The task » Exactly as they appear below, repeat the lines from the one with "by (rule Max_ge)" through the one with "by (intro eventually_conj", and no others.

Provided information »
-*-*-

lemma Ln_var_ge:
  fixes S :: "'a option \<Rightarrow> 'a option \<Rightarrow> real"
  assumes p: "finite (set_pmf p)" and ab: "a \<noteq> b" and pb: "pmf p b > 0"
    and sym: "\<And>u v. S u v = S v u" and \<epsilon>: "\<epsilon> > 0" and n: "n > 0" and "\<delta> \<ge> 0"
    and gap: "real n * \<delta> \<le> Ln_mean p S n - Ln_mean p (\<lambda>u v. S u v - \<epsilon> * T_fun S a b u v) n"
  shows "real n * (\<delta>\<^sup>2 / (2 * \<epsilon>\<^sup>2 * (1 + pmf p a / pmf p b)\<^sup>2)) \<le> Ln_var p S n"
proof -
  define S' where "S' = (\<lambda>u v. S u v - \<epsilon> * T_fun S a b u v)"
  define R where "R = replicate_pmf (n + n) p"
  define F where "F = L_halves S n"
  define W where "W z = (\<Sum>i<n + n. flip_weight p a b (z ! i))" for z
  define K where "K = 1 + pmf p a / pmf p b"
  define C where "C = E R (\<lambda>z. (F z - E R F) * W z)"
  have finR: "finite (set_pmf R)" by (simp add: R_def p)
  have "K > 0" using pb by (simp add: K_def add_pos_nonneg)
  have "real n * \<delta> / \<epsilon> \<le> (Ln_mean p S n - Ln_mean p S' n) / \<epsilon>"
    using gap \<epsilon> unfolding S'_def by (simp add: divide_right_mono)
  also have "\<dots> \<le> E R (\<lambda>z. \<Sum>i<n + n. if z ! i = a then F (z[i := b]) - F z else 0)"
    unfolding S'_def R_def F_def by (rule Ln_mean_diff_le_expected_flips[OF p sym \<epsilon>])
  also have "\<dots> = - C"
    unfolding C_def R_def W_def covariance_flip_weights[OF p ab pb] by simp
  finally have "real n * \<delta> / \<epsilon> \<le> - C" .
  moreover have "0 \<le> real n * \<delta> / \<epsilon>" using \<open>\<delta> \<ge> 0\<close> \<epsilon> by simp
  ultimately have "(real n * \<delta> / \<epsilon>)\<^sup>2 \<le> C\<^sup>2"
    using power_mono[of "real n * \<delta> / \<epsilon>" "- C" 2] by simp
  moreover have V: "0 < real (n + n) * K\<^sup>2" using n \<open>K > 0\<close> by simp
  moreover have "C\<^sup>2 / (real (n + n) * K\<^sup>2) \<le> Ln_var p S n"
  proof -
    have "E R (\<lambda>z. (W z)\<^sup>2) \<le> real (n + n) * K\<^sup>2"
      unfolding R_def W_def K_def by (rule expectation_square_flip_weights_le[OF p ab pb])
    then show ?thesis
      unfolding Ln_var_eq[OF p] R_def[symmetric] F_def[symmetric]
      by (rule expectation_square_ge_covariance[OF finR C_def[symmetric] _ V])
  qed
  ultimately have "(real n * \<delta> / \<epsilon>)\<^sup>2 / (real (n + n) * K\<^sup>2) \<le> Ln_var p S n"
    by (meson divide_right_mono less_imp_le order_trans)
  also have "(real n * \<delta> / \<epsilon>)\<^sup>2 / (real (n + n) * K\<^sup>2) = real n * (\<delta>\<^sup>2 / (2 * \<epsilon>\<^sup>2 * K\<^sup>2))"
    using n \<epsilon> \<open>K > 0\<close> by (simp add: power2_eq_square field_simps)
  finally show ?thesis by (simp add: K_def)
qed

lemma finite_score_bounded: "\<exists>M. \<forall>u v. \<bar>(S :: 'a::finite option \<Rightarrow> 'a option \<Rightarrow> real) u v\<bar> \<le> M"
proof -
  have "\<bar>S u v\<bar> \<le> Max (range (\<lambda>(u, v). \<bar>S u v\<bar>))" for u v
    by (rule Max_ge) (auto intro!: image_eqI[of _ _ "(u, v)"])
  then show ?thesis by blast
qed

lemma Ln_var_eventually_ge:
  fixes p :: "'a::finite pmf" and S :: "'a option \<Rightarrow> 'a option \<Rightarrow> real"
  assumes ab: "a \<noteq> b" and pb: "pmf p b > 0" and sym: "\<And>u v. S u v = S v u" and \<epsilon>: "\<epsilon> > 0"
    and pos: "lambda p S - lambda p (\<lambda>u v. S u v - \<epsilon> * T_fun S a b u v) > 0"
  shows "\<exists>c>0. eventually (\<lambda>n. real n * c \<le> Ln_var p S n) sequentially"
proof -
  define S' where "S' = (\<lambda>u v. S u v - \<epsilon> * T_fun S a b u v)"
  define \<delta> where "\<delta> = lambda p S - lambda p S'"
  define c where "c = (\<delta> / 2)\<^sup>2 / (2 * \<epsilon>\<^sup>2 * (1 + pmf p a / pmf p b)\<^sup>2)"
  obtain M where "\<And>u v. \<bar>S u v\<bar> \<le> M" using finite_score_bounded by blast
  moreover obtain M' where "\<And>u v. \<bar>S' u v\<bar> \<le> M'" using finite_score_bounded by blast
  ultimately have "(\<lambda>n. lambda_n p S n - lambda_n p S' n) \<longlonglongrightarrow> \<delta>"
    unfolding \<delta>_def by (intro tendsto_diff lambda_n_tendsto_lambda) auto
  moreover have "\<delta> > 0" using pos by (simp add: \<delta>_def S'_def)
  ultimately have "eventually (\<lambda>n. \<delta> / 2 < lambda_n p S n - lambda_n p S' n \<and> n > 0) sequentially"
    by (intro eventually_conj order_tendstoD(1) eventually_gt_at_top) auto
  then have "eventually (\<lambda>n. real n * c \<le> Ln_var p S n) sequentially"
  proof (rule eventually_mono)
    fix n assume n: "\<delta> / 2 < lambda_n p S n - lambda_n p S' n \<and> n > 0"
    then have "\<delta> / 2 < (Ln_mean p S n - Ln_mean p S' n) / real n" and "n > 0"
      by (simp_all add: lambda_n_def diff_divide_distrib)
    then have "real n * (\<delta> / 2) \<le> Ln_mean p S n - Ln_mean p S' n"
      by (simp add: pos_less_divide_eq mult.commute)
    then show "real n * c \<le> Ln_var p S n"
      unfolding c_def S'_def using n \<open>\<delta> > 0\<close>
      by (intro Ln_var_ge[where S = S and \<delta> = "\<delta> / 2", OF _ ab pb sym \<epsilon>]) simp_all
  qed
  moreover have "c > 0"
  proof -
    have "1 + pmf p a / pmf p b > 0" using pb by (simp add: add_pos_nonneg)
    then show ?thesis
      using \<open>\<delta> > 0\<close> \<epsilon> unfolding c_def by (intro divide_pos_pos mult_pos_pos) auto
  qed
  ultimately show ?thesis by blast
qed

-*-*-

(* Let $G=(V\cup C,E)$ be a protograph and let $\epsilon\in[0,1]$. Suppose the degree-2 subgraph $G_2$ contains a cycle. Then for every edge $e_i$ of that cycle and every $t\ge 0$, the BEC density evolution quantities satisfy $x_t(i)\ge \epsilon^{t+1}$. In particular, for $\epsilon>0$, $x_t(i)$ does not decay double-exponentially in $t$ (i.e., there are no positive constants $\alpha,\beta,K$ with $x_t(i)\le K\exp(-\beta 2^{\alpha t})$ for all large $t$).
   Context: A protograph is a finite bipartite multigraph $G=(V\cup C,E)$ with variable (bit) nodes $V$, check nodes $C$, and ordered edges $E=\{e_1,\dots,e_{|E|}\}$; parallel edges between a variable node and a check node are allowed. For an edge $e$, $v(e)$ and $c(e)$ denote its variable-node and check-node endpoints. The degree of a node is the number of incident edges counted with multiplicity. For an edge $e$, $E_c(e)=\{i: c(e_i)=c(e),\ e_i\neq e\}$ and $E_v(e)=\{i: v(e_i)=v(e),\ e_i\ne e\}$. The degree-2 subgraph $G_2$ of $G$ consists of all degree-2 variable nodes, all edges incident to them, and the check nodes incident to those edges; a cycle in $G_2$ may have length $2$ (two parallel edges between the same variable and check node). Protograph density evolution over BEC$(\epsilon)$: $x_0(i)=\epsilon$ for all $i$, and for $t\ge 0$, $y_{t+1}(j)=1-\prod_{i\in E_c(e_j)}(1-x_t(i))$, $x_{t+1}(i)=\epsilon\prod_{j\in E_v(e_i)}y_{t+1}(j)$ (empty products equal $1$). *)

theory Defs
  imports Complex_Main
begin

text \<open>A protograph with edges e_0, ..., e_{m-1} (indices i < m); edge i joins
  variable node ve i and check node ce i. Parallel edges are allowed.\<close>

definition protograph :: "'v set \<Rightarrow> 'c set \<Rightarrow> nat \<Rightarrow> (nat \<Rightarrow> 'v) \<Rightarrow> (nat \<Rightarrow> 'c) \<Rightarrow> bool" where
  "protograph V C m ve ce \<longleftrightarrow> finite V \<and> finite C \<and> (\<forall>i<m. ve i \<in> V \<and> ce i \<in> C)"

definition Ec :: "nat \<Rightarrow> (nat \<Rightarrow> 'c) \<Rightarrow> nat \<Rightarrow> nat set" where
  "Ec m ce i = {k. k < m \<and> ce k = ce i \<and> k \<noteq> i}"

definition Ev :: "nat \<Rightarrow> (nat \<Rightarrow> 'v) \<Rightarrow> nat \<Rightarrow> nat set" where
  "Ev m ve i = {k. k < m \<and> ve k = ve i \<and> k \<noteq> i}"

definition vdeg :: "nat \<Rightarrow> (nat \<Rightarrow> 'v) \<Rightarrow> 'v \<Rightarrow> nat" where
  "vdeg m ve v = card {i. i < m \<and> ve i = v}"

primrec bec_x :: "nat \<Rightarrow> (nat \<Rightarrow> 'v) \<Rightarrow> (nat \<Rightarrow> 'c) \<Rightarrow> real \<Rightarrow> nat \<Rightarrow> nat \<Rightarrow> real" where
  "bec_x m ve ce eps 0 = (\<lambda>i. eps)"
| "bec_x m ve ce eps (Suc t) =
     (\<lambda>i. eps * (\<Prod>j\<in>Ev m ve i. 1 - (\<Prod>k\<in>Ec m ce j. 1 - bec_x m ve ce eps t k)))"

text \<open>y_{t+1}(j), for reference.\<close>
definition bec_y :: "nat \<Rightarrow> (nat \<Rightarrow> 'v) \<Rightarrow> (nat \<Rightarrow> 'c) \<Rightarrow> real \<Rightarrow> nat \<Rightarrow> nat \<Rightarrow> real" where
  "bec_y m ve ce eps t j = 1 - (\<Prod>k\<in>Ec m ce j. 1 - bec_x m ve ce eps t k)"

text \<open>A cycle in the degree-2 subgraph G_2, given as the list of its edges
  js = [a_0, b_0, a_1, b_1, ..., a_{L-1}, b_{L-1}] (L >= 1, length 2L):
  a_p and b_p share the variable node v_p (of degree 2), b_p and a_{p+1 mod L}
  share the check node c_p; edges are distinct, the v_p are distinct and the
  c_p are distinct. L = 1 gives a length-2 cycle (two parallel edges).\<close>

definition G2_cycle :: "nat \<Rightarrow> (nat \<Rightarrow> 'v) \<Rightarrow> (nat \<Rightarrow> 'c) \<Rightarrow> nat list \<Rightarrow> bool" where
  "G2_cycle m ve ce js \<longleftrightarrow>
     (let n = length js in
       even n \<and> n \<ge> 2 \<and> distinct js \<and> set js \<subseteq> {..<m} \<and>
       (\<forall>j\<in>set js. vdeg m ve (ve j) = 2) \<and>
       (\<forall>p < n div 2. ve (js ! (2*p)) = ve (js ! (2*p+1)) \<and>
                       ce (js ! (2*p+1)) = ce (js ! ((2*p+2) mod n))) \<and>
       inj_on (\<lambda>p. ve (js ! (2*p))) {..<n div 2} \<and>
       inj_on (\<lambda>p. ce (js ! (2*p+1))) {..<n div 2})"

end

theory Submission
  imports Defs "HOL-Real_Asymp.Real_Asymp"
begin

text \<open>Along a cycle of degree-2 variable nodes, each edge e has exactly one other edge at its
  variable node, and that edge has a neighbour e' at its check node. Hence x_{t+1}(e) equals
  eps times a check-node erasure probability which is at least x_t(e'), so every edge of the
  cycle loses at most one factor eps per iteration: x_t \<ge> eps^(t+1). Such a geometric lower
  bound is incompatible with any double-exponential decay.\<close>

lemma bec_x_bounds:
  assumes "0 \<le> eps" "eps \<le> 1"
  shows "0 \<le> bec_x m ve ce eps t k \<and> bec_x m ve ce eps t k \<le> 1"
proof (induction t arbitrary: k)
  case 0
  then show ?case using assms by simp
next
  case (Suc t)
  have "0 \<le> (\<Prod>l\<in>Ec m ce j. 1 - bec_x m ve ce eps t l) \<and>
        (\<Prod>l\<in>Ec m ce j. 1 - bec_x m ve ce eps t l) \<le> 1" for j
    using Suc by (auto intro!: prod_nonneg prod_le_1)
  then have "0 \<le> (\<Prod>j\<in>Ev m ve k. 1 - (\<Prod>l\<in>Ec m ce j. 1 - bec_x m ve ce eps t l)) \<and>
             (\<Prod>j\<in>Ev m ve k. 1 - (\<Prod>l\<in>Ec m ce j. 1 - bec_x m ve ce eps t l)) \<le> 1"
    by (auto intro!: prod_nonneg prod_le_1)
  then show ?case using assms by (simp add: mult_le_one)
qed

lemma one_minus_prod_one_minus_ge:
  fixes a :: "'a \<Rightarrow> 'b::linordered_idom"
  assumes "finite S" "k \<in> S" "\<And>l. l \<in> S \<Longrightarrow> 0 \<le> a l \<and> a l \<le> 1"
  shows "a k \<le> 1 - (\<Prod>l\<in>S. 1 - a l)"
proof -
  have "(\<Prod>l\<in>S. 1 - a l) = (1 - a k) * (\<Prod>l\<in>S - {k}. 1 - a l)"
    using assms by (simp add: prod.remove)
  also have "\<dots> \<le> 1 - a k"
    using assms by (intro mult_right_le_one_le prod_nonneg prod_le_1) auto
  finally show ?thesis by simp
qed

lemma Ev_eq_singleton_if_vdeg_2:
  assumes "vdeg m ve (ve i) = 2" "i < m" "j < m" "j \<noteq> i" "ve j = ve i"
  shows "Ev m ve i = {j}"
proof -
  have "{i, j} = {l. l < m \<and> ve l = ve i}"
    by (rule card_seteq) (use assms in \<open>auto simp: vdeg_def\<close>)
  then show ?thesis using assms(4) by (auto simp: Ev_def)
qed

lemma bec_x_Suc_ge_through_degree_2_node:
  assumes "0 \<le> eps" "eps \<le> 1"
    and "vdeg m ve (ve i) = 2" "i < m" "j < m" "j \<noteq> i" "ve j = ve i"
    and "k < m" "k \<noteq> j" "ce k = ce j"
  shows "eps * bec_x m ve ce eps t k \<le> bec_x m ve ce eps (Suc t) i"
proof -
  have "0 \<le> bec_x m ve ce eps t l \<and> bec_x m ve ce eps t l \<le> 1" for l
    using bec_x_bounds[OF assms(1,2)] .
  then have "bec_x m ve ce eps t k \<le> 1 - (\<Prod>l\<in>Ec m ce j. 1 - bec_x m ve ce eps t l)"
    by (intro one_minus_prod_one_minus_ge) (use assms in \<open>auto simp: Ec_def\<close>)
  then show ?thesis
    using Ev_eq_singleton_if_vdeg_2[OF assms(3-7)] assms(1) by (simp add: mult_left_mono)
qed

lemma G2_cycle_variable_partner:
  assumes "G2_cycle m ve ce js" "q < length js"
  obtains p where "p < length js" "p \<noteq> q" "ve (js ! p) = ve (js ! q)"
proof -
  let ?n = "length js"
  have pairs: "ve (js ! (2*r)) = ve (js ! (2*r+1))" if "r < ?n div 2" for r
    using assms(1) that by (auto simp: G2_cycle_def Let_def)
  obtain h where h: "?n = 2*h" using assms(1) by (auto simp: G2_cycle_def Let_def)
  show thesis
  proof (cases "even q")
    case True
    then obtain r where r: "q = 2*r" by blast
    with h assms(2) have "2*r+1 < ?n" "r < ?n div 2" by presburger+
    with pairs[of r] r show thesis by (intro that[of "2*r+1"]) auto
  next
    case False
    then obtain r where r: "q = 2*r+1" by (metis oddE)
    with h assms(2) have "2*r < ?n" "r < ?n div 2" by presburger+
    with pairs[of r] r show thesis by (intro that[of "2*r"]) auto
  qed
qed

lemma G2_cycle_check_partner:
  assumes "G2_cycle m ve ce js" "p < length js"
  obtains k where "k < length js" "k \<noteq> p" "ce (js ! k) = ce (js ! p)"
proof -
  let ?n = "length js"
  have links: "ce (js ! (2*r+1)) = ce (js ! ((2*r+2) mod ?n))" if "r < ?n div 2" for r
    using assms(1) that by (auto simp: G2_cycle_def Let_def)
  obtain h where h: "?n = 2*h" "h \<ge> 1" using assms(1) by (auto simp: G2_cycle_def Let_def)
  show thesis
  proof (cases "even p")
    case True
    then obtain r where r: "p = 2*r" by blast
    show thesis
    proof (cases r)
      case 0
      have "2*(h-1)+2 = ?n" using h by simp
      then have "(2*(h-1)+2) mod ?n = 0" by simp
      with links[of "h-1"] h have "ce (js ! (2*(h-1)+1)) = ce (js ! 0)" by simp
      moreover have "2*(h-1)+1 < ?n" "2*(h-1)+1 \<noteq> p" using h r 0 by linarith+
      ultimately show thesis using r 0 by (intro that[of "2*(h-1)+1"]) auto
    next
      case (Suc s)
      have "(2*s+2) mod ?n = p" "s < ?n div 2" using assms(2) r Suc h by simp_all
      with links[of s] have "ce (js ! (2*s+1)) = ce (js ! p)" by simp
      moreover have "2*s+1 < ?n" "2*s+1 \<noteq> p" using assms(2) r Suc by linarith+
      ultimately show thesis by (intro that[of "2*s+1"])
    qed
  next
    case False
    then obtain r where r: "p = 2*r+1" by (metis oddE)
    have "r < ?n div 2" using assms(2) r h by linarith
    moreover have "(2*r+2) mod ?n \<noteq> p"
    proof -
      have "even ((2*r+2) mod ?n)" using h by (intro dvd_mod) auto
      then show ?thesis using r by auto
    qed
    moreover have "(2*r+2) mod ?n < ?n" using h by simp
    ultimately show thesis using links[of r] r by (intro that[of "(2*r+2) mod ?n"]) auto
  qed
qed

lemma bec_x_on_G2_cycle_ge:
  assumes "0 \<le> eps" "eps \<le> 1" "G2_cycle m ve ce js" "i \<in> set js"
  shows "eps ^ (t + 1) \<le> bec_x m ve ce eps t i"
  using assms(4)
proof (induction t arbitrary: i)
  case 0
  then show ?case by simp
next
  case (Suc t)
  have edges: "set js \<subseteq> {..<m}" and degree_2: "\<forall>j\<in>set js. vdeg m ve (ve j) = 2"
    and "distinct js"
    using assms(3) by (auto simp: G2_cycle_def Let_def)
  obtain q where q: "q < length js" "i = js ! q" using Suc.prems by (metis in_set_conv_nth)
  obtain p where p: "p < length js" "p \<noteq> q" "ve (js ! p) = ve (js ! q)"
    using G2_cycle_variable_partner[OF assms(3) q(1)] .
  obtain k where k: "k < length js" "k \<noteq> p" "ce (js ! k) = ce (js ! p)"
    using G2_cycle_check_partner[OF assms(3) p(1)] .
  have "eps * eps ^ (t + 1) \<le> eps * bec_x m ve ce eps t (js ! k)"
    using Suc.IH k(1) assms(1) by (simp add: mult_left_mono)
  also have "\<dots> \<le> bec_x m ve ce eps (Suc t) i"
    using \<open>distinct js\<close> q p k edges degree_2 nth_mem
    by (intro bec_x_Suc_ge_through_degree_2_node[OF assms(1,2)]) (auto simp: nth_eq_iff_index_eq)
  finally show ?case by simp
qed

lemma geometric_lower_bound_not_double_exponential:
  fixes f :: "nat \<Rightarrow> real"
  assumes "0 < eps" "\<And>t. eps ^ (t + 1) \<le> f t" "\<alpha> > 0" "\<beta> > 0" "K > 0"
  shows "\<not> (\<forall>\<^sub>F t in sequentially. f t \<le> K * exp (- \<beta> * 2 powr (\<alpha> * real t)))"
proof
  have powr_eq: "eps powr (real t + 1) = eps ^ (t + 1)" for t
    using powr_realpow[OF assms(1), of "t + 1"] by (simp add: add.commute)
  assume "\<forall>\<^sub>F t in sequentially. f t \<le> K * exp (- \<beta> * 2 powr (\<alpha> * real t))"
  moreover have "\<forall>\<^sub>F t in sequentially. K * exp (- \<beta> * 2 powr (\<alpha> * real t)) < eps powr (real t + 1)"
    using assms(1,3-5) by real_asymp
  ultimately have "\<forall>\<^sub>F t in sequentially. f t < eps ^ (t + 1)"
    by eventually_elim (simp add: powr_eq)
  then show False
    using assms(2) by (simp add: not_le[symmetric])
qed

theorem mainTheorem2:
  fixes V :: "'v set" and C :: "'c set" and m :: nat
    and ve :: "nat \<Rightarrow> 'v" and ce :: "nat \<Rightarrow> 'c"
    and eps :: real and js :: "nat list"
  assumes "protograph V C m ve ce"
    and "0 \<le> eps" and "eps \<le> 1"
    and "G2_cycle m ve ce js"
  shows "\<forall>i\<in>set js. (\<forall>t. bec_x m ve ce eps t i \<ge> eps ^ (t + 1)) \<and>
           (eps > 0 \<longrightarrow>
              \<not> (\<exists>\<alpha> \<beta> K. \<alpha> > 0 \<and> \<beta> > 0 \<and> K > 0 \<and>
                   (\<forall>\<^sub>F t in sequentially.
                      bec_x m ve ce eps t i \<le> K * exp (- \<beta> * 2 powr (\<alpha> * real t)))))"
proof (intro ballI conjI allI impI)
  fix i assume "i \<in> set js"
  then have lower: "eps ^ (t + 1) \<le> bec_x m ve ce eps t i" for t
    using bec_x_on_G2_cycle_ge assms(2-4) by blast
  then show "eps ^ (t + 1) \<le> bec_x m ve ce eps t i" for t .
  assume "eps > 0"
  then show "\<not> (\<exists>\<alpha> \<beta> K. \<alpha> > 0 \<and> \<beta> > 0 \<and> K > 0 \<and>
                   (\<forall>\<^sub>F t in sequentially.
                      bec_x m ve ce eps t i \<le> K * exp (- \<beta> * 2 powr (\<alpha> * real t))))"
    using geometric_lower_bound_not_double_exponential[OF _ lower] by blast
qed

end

-*-*-

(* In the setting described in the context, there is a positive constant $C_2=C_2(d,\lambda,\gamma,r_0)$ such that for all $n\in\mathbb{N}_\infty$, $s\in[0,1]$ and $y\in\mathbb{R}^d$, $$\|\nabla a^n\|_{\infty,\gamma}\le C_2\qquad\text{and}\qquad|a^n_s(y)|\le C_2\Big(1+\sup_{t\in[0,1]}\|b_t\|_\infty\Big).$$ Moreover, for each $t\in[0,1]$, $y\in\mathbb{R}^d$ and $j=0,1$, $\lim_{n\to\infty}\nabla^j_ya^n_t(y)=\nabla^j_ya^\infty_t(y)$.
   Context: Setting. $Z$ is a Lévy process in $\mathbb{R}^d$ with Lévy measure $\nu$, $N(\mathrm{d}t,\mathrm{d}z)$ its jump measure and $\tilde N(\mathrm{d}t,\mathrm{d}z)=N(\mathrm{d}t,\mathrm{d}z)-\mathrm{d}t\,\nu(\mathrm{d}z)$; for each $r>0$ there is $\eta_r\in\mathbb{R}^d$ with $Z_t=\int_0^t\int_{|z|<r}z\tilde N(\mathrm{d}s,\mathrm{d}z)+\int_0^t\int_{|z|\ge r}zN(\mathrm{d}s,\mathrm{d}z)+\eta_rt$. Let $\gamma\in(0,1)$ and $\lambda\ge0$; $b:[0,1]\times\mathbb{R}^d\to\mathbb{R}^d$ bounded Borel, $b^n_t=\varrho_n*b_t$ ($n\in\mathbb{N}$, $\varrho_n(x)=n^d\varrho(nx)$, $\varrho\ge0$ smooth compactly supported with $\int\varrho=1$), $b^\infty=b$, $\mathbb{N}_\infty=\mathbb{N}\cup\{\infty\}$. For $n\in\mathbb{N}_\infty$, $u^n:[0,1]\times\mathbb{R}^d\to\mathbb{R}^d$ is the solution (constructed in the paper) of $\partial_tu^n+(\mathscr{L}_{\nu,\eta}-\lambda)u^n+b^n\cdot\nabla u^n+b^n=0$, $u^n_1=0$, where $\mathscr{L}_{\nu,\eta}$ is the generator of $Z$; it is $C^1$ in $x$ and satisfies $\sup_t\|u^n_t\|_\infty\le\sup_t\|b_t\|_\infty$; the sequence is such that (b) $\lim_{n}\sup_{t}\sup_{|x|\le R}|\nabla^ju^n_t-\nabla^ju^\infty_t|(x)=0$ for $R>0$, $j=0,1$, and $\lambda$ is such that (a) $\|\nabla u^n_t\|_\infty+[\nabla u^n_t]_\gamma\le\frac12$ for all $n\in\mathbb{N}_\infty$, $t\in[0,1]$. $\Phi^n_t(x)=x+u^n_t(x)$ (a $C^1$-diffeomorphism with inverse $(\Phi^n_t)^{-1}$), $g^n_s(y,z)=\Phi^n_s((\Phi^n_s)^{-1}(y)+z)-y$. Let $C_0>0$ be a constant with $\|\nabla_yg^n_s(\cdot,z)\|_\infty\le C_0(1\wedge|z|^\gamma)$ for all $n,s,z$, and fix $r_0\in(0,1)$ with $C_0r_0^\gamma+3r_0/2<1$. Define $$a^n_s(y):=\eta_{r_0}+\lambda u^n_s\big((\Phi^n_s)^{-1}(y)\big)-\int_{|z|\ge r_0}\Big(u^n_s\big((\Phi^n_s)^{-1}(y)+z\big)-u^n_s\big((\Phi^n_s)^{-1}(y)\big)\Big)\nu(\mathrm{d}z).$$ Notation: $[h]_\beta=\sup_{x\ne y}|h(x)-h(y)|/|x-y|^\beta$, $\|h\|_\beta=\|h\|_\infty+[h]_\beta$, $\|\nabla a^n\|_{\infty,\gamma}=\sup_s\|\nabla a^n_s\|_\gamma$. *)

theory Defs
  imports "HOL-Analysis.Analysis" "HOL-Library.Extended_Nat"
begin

-*-*-

Reply to the exercise »
    by (rule Max_ge) (auto intro!: image_eqI[of _ _ "(u, v)"])
  then show ?thesis by blast
qed

lemma Ln_var_eventually_ge:
  fixes p :: "'a::finite pmf" and S :: "'a option \<Rightarrow> 'a option \<Rightarrow> real"
  assumes ab: "a \<noteq> b" and pb: "pmf p b > 0" and sym: "\<And>u v. S u v = S v u" and \<epsilon>: "\<epsilon> > 0"
    and pos: "lambda p S - lambda p (\<lambda>u v. S u v - \<epsilon> * T_fun S a b u v) > 0"
  shows "\<exists>c>0. eventually (\<lambda>n. real n * c \<le> Ln_var p S n) sequentially"
proof -
  define S' where "S' = (\<lambda>u v. S u v - \<epsilon> * T_fun S a b u v)"
  define \<delta> where "\<delta> = lambda p S - lambda p S'"
  define c where "c = (\<delta> / 2)\<^sup>2 / (2 * \<epsilon>\<^sup>2 * (1 + pmf p a / pmf p b)\<^sup>2)"
  obtain M where "\<And>u v. \<bar>S u v\<bar> \<le> M" using finite_score_bounded by blast
  moreover obtain M' where "\<And>u v. \<bar>S' u v\<bar> \<le> M'" using finite_score_bounded by blast
  ultimately have "(\<lambda>n. lambda_n p S n - lambda_n p S' n) \<longlonglongrightarrow> \<delta>"
    unfolding \<delta>_def by (intro tendsto_diff lambda_n_tendsto_lambda) auto
  moreover have "\<delta> > 0" using pos by (simp add: \<delta>_def S'_def)
  ultimately have "eventually (\<lambda>n. \<delta> / 2 < lambda_n p S n - lambda_n p S' n \<and> n > 0) sequentially"
    by (intro eventually_conj order_tendstoD(1) eventually_gt_at_top) auto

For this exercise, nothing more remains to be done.